Problem
Report the number of lines in the data below that hold "inter", without any other words.

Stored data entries

lemma lipschitz_on_cball_of_continuous_deriv:
  fixes g g' :: "real \<Rightarrow> real"
  assumes T: "cball b \<epsilon> \<subseteq> T" and g: "\<And>t. t \<in> T \<Longrightarrow> (g has_real_derivative g' t) (at t)"
    and g': "continuous_on T g'"
  obtains B where "B-lipschitz_on (cball b \<epsilon>) g"
proof -
  have "compact (g' ` cball b \<epsilon>)"
    using T by (intro compact_continuous_image continuous_on_subset[OF g']) auto
  then obtain B where "\<forall>y\<in>g' ` cball b \<epsilon>. norm y \<le> B"
    by (meson bounded_iff compact_imp_bounded)
  then have B: "\<And>t. t \<in> cball b \<epsilon> \<Longrightarrow> \<bar>g' t\<bar> \<le> max B 0"
    by (metis image_eqI max.coboundedI1 real_norm_def)
  have "(max B 0)-lipschitz_on (cball b \<epsilon>) g"
  proof (rule bounded_derivative_imp_lipschitz[where f' = "\<lambda>t h. g' t * h"])
    show "(g has_derivative (\<lambda>h. g' t * h)) (at t within cball b \<epsilon>)" if "t \<in> cball b \<epsilon>" for t
      using g[of t] T that unfolding has_field_derivative_def by (blast intro: has_derivative_at_withinI)
    show "onorm (\<lambda>h. g' t * h) \<le> max B 0" if "t \<in> cball b \<epsilon>" for t
      using B[OF that] by (intro onorm_le) (simp add: abs_mult mult_right_mono)
  qed auto
  then show ?thesis
    by (rule that)
qed

lemma semismooth_with_compose_real:
  fixes \<phi> :: "'a::real_normed_vector \<Rightarrow> real"
  assumes \<phi>: "semismooth_with D \<phi> H\<phi> z" and T: "open T" "\<phi> z \<in> T"
    and g: "\<And>t. t \<in> T \<Longrightarrow> (g has_real_derivative g' t) (at t)" and g': "continuous_on T g'"
  shows "semismooth_with D (\<lambda>x. g (\<phi> x)) (\<lambda>x h. g' (\<phi> x) * H\<phi> x h) z"
proof -
  obtain U C N where U: "open U" "z \<in> U" "U \<subseteq> D" and \<phi>_lip: "C-lipschitz_on U \<phi>"
    and H\<phi>: "\<forall>w\<in>D. bounded_linear (H\<phi> w)"
    and N: "open N" "z \<in> N" "N \<subseteq> D" "\<forall>w\<in>N. newton_differentiable_at \<phi> H\<phi> w"
    using \<phi> unfolding semismooth_with_iff by blast
  obtain \<epsilon> where "\<epsilon> > 0" and \<epsilon>: "cball (\<phi> z) \<epsilon> \<subseteq> T"
    using T open_contains_cball by blast
  obtain B where g_lip: "B-lipschitz_on (cball (\<phi> z) \<epsilon>) g"
    using lipschitz_on_cball_of_continuous_deriv[OF \<epsilon> g g'] by blast
  define V where "V = U \<inter> \<phi> -` ball (\<phi> z) \<epsilon>"
  have V: "open V" "z \<in> V" "V \<subseteq> D"
    using continuous_open_preimage[OF lipschitz_on_continuous_on[OF \<phi>_lip] U(1) open_ball] U \<open>\<epsilon> > 0\<close>
    by (auto simp: V_def)
  have "(B * C)-lipschitz_on V (\<lambda>x. g (\<phi> x))"
    using \<phi>_lip g_lip
    by (intro lipschitz_on_compose2) (auto simp: V_def intro: lipschitz_on_subset)
  moreover have "bounded_linear (\<lambda>h. g' (\<phi> w) * H\<phi> w h)" if "w \<in> D" for w
    using that H\<phi> by (auto intro: bounded_linear_compose[OF bounded_linear_mult_right])
  moreover have "newton_differentiable_at (\<lambda>x. g (\<phi> x)) (\<lambda>x h. g' (\<phi> x) * H\<phi> x h) w"
    if w: "w \<in> N \<inter> V" for w
  proof (rule newton_differentiable_at_compose_real)
    show "eventually (\<lambda>h. dist (\<phi> (w + h)) (\<phi> w) \<le> C * norm h) (at 0)"
      using \<phi>_lip U(1) w by (intro lipschitz_on_eventually_at_zero) (auto simp: V_def)
    have "\<phi> w \<in> T"
      using w \<epsilon> by (auto simp: V_def)
    then show "(g has_real_derivative g' (\<phi> w)) (at (\<phi> w))" "isCont g' (\<phi> w)"
      using g g' T(1) by (auto simp: continuous_on_eq_continuous_at)
  qed (use w N in auto)
  moreover have "open (N \<inter> V)" "z \<in> N \<inter> V" "N \<inter> V \<subseteq> D"
    using N V by auto
  ultimately show ?thesis
    unfolding semismooth_with_iff using V by blast
qed

lemma semismooth_with_norm_translate:
  fixes r z :: "'a::real_normed_vector"
  assumes Nd: "\<And>x. x \<noteq> 0 \<Longrightarrow> (norm has_derivative Nd x) (at x)"
    and "open D" "z \<in> D" "z \<noteq> r"
  shows "semismooth_with D (\<lambda>x. norm (x - r)) (\<lambda>x h. if x = r then 0 else Nd (x - r) h) z"
proof -
  have "1-lipschitz_on D (\<lambda>x. norm (x - r))"
  proof (rule lipschitz_onI)
    show "dist (norm (x - r)) (norm (y - r)) \<le> 1 * dist x y" for x y
      using norm_triangle_ineq3[of "x - r" "y - r"] by (simp add: dist_norm)
  qed simp
  moreover have "bounded_linear (\<lambda>h. if w = r then 0 else Nd (w - r) h)" for w
    using Nd[of "w - r"] by (cases "w = r") (auto intro: has_derivative_bounded_linear bounded_linear_zero)
  moreover have "newton_differentiable_at (\<lambda>x. norm (x - r)) (\<lambda>x h. if x = r then 0 else Nd (x - r) h) w"
    if "w \<noteq> r" for w
  proof -
    have shift: "w - r + h = w + h - r" for h
      by (simp add: algebra_simps)
    have "newton_differentiable_at norm Nd (w - r)"
      using Nd that by (intro newton_differentiable_at_norm) auto
    moreover have "eventually (\<lambda>h. w - r + h \<in> - {0}) (at 0)"
      using that by (intro eventually_at_zero_add_in_open) auto
    then have "eventually (\<lambda>h. (if w - r + h = 0 then 0 else Nd (w - r + h) h) = Nd (w - r + h) h) (at 0)"
      by eventually_elim simp
    ultimately have "newton_differentiable_at norm (\<lambda>y h. if y = 0 then 0 else Nd y h) (w - r)"
      by (rule newton_differentiable_at_cong)
    then show ?thesis
      unfolding newton_differentiable_at_def shift by simp
  qed
  moreover have "open (D - {r})" "z \<in> D - {r}"
    using assms(2-4) by auto
  ultimately show ?thesis
    unfolding semismooth_with_iff using assms(2,3) by blast
qed

lemma semismooth_with_cong_open:
  assumes "semismooth_with D F H z" "open S" "z \<in> S"
    and "\<And>w. w \<in> S \<Longrightarrow> H' w = H w" and "\<And>w. w \<in> D - S \<Longrightarrow> bounded_linear (H' w)"
  shows "semismooth_with D F H' z"
proof -
  obtain N where N: "open N" "z \<in> N" "N \<subseteq> D" "\<forall>w\<in>N. newton_differentiable_at F H w"
    and H: "\<forall>w\<in>D. bounded_linear (H w)"
    using assms(1) unfolding semismooth_with_iff by blast
  have "newton_differentiable_at F H' w" if "w \<in> N \<inter> S" for w
  proof (rule newton_differentiable_at_cong)
    show "newton_differentiable_at F H w"
      using N(4) that by blast
    show "eventually (\<lambda>h. H' (w + h) h = H (w + h) h) (at 0)"
      using eventually_at_zero_add_in_open[OF assms(2), of w] \<open>w \<in> N \<inter> S\<close>
      by (auto elim!: eventually_mono simp: assms(4))
  qed
  moreover have "open (N \<inter> S)" "z \<in> N \<inter> S" "N \<inter> S \<subseteq> D"
    using N assms(2,3) by auto
  moreover have "bounded_linear (H' w)" if "w \<in> D" for w
    using that H assms(4,5) by (cases "w \<in> S") auto
  ultimately show ?thesis
    using assms(1) unfolding semismooth_with_iff by blast
qed

theorem mainTheorem2:
  fixes D :: "'a::banach set" and F :: "'a \<Rightarrow> 'b::banach"
    and HF :: "'a \<Rightarrow> 'a \<Rightarrow> 'b" and Nd :: "'a \<Rightarrow> 'a \<Rightarrow> real"
    and z r :: 'a and p \<sigma> :: real
  assumes norm_diff: "\<And>x. x \<noteq> 0 \<Longrightarrow> (norm has_derivative Nd x) (at x)"
    and "open D"
    and "z \<in> D" and "z \<noteq> r"
    and "semismooth_with D F HF z"
    and "p \<ge> 1" and "\<sigma> \<ge> 0"
  shows "semismooth_with D
           (\<lambda>w. (1 / norm (w - r) powr p + \<sigma>) *\<^sub>R F w)
           (\<lambda>w h. if w = r then 0 else
                 (\<sigma> + 1 / norm (w - r) powr p) *\<^sub>R HF w h
                 - (p * Nd (w - r) h / norm (w - r) powr (p + 1)) *\<^sub>R F w)
           z"
proof -
  define g' where "g' t = - p / t powr (p + 1)" for t :: real
  have "semismooth_with D (\<lambda>w. norm (w - r)) (\<lambda>w h. if w = r then 0 else Nd (w - r) h) z"
    using norm_diff \<open>open D\<close> \<open>z \<in> D\<close> \<open>z \<noteq> r\<close> by (rule semismooth_with_norm_translate)
  then have "semismooth_with D (\<lambda>w. 1 / norm (w - r) powr p + \<sigma>)
      (\<lambda>w h. g' (norm (w - r)) * (if w = r then 0 else Nd (w - r) h)) z"
  proof (rule semismooth_with_compose_real)
    show "((\<lambda>t. 1 / t powr p + \<sigma>) has_real_derivative g' t) (at t)" if "t \<in> {0<..}" for t
    proof -
      have "t powr p * t powr p = t powr (p + 1) * t powr (p - 1)"
        by (simp add: powr_add [symmetric])
      with that show ?thesis
        unfolding g'_def by (auto intro!: derivative_eq_intros simp: field_simps)
    qed
    show "continuous_on {0<..} g'"
      unfolding g'_def by (intro continuous_intros) auto
  qed (use \<open>z \<noteq> r\<close> in auto)
  from semismooth_with_scaleR[OF this \<open>semismooth_with D F HF z\<close>]
  show ?thesis
    by (rule semismooth_with_cong_open[where S = "- {r}"]) (use \<open>z \<noteq> r\<close> in \<open>auto simp: g'_def algebra_simps\<close>)
qed

end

Completed task
6